→ REQUIREMENT:
Read the lines below, and copy any that contain the string "weights".

● ● ●

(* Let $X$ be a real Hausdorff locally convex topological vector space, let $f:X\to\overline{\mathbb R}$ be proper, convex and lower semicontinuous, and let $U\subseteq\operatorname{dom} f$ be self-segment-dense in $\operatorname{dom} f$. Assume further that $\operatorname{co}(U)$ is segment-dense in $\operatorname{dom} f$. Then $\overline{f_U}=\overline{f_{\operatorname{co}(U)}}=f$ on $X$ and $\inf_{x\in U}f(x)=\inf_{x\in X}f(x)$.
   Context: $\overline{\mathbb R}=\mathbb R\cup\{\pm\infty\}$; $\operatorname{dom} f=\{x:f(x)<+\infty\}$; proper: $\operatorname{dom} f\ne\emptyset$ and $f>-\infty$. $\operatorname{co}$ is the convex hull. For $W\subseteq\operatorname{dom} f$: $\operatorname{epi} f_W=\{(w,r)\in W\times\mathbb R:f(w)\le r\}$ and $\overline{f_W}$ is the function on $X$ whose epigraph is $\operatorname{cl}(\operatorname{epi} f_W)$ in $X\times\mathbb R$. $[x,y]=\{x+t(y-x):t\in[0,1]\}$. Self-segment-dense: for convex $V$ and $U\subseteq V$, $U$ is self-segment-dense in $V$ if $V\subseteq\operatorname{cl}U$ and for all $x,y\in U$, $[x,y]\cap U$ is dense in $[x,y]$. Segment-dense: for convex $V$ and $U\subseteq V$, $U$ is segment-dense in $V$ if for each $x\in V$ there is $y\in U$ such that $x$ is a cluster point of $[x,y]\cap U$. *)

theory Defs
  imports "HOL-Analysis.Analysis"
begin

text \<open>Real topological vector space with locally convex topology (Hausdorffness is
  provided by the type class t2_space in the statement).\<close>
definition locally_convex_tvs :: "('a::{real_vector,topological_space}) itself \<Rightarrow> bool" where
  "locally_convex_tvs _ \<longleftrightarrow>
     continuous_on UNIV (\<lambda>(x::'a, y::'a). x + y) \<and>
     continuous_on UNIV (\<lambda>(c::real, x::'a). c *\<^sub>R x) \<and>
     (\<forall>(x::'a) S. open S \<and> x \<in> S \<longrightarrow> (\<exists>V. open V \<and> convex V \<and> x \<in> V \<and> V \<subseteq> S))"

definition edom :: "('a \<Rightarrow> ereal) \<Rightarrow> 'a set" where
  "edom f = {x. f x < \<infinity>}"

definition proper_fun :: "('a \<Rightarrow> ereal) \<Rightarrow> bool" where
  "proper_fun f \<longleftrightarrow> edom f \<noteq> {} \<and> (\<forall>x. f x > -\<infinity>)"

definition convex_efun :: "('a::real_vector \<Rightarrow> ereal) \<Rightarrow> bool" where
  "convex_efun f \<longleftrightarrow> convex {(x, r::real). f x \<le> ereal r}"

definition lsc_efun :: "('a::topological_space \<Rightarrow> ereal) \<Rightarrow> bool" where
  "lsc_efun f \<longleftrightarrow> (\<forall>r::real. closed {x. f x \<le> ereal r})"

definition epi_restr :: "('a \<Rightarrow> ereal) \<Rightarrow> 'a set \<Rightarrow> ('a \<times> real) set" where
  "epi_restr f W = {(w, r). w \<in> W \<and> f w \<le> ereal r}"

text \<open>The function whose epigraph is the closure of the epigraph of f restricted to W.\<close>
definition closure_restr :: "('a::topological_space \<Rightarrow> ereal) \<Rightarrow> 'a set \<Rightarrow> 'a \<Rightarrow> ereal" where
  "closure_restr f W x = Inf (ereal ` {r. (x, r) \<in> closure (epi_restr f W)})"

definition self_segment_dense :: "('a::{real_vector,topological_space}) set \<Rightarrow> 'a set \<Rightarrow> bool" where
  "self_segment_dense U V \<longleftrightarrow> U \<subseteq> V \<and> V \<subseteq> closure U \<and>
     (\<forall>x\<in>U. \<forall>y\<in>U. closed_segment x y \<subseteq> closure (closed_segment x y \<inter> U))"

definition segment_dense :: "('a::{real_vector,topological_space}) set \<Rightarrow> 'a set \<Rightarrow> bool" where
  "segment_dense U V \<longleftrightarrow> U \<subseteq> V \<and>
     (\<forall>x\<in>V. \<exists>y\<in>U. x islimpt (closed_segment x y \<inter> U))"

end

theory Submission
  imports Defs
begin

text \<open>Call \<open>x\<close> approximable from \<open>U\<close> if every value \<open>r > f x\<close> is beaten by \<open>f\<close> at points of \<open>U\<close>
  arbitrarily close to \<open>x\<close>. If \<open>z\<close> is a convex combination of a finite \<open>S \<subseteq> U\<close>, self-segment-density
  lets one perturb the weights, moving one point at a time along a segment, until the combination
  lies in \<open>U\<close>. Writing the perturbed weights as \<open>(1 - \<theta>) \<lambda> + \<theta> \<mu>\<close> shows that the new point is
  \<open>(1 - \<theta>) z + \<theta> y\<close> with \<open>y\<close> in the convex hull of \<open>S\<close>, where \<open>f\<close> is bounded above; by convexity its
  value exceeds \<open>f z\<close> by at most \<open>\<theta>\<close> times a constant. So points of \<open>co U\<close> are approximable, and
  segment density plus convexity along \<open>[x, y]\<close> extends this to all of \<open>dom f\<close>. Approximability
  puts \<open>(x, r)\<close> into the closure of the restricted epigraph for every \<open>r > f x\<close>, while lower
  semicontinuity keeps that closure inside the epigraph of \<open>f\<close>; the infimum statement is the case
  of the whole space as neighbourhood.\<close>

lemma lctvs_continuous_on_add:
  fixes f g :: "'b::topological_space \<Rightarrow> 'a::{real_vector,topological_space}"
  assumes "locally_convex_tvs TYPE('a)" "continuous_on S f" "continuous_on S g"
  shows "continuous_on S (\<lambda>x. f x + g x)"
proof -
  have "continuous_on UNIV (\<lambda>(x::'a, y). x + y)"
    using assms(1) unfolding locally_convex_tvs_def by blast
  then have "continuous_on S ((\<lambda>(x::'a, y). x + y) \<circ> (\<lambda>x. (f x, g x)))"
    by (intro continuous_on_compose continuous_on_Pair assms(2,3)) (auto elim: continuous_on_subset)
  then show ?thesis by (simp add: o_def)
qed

● ● ●

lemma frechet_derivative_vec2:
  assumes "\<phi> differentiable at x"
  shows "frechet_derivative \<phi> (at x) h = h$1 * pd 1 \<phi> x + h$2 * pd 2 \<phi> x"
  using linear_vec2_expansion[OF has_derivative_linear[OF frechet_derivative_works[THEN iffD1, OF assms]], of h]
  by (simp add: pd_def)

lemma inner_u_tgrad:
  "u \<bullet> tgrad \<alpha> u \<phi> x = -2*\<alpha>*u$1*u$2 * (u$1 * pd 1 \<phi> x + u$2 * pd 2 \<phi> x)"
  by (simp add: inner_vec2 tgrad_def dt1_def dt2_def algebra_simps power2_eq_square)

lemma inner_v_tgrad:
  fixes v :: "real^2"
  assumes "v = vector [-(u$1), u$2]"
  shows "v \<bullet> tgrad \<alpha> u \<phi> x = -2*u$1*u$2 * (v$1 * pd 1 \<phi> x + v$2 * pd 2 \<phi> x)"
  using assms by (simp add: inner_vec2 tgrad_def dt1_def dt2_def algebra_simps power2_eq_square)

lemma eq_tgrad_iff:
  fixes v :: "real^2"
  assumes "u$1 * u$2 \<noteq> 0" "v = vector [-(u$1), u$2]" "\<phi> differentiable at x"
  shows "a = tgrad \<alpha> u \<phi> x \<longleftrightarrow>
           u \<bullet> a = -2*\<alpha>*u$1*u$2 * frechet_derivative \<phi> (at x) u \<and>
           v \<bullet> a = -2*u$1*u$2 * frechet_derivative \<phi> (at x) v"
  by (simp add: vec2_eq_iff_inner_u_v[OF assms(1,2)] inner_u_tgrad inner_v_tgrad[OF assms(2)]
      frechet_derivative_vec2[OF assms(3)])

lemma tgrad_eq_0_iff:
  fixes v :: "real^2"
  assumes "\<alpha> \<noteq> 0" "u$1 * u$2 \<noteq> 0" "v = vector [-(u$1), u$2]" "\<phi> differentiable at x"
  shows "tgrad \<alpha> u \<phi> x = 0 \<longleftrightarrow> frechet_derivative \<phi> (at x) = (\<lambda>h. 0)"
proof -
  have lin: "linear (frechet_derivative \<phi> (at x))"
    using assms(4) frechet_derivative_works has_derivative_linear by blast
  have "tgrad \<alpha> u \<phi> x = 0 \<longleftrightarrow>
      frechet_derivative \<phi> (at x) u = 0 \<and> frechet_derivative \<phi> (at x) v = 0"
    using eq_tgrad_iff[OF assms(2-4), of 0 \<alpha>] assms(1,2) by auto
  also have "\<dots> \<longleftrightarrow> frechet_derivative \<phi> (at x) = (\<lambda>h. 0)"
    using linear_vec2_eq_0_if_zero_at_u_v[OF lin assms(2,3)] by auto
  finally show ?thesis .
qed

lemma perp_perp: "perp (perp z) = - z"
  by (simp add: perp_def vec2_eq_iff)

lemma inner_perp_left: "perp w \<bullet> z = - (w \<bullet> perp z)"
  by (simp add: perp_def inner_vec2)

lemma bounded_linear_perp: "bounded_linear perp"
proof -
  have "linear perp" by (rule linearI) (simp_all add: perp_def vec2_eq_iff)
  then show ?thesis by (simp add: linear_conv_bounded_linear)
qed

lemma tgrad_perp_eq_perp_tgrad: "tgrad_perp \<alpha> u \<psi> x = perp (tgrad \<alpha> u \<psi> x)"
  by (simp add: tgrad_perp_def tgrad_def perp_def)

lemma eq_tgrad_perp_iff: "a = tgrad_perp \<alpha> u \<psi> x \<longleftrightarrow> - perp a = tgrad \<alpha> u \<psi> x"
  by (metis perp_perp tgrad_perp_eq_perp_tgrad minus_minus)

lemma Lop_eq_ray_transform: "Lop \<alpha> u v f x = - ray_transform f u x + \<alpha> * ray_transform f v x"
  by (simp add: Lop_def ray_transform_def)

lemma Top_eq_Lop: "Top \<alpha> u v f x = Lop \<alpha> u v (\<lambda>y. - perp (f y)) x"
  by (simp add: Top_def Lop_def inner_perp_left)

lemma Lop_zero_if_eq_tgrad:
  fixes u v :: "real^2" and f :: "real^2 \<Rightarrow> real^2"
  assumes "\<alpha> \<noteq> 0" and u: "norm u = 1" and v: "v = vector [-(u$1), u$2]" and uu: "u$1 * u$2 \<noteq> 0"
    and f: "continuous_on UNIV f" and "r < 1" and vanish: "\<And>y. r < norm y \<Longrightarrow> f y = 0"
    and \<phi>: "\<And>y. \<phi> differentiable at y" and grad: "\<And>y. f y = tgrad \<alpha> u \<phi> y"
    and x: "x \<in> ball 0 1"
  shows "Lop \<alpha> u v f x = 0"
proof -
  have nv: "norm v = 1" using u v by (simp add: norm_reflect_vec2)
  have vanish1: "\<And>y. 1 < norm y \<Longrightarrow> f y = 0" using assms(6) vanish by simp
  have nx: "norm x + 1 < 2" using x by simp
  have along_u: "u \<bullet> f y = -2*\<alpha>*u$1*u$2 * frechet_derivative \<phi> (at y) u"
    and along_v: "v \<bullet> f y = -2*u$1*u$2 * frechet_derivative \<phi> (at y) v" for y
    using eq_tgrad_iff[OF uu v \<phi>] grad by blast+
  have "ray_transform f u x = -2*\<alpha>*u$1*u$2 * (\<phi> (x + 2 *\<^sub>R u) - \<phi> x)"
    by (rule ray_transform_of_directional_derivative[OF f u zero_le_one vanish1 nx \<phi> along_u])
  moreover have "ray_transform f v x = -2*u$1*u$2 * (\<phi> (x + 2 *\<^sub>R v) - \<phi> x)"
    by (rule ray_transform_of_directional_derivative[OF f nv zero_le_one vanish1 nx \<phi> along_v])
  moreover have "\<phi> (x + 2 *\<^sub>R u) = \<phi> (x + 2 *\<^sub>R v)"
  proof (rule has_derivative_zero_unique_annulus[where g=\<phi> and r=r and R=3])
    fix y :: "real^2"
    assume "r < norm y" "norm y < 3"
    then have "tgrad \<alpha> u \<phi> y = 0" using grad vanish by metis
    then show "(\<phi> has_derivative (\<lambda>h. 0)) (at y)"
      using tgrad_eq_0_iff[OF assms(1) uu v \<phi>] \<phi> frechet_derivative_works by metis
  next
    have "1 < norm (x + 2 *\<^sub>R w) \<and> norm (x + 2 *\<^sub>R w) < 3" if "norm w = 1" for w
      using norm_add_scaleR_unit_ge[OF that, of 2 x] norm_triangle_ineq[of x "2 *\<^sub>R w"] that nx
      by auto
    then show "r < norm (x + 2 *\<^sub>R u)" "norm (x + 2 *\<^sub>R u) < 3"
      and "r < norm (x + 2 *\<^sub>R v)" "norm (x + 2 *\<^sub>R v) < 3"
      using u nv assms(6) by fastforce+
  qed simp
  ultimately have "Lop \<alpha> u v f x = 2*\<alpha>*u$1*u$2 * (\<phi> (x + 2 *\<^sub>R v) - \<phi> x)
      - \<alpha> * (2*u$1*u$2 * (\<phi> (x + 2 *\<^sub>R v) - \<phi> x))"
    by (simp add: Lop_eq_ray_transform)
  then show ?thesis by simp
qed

● ● ●

→ PROBLEM SOLUTION:
  lets one perturb the weights, moving one point at a time along a segment, until the combination
  lies in \<open>U\<close>. Writing the perturbed weights as \<open>(1 - \<theta>) \<lambda> + \<theta> \<mu>\<close> shows that the new point is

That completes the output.